▼

(* Let $N\ge 0$ and let $\mu=(\mu_1,\dots,\mu_{N+1})$ be a partition with $N+1$ parts. Then, for all $z_1,\dots,z_{N+1}$ (with pairwise distinct values so that the defining quotients make sense, the identity then extending polynomially), $$G_\mu(z_1,\dots,z_N,z_{N+1};\beta)=\sum_{\lambda:\ \mu\succ\lambda} G_{\mu/\lambda}(z_{N+1};\beta)\,G_\lambda(z_1,\dots,z_N;\beta),$$ where the sum runs over all partitions $\lambda=(\lambda_1,\dots,\lambda_N)$ with $N$ parts interlacing with $\mu$. At $\beta=0$ this is the corresponding branching rule for Schur and skew Schur polynomials.
   Context: A "partition with $N$ parts" means a weakly decreasing sequence $\lambda=(\lambda_1,\dots,\lambda_N)$ of nonnegative integers (zeros allowed); $|\lambda|=\sum_j\lambda_j$. For such $\lambda$, variables $z_1,\dots,z_N$ and a parameter $\beta$, the Grothendieck polynomial is $$G_\lambda(z_1,\dots,z_N;\beta)=\frac{\det_{1\le j,k\le N}\big(z_j^{\lambda_k+N-k}(1+\beta z_j)^{k-1}\big)}{\prod_{1\le j<k\le N}(z_j-z_k)},$$ (a symmetric polynomial; for $N=0$ it equals $1$). For $\mu$ with $N+1$ parts and $\lambda$ with $N$ parts, write $\mu\succ\lambda$ ("interlace") iff $\mu_j\ge\lambda_j\ge\mu_{j+1}$ for $j=1,\dots,N$. The single-variable skew Grothendieck polynomial is $$G_{\mu/\lambda}(z;\beta)=\begin{cases} z^{|\mu|-|\lambda|}\prod_{j=1}^N\big(1+\beta z-\beta z\,\delta_{\mu_{j+1},\lambda_j}\big) & \text{if } \mu\succ\lambda,\\ 0&\text{otherwise,}\end{cases}$$ with $\delta$ the Kronecker delta. *)

theory Defs
  imports Complex_Main "HOL-Combinatorics.Permutations"
begin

▲

§ **EXERCISE DETAILS**
Whenever a line of the material holds the word "dots", copy it out.

§ **SOLUTION TO THIS PROBLEM**
(* Let $N\ge 0$ and let $\mu=(\mu_1,\dots,\mu_{N+1})$ be a partition with $N+1$ parts. Then, for all $z_1,\dots,z_{N+1}$ (with pairwise distinct values so that the defining quotients make sense, the identity then extending polynomially), $$G_\mu(z_1,\dots,z_N,z_{N+1};\beta)=\sum_{\lambda:\ \mu\succ\lambda} G_{\mu/\lambda}(z_{N+1};\beta)\,G_\lambda(z_1,\dots,z_N;\beta),$$ where the sum runs over all partitions $\lambda=(\lambda_1,\dots,\lambda_N)$ with $N$ parts interlacing with $\mu$. At $\beta=0$ this is the corresponding branching rule for Schur and skew Schur polynomials.
   Context: A "partition with $N$ parts" means a weakly decreasing sequence $\lambda=(\lambda_1,\dots,\lambda_N)$ of nonnegative integers (zeros allowed); $|\lambda|=\sum_j\lambda_j$. For such $\lambda$, variables $z_1,\dots,z_N$ and a parameter $\beta$, the Grothendieck polynomial is $$G_\lambda(z_1,\dots,z_N;\beta)=\frac{\det_{1\le j,k\le N}\big(z_j^{\lambda_k+N-k}(1+\beta z_j)^{k-1}\big)}{\prod_{1\le j<k\le N}(z_j-z_k)},$$ (a symmetric polynomial; for $N=0$ it equals $1$). For $\mu$ with $N+1$ parts and $\lambda$ with $N$ parts, write $\mu\succ\lambda$ ("interlace") iff $\mu_j\ge\lambda_j\ge\mu_{j+1}$ for $j=1,\dots,N$. The single-variable skew Grothendieck polynomial is $$G_{\mu/\lambda}(z;\beta)=\begin{cases} z^{|\mu|-|\lambda|}\prod_{j=1}^N\big(1+\beta z-\beta z\,\delta_{\mu_{j+1},\lambda_j}\big) & \text{if } \mu\succ\lambda,\\ 0&\text{otherwise,}\end{cases}$$ with $\delta$ the Kronecker delta. *)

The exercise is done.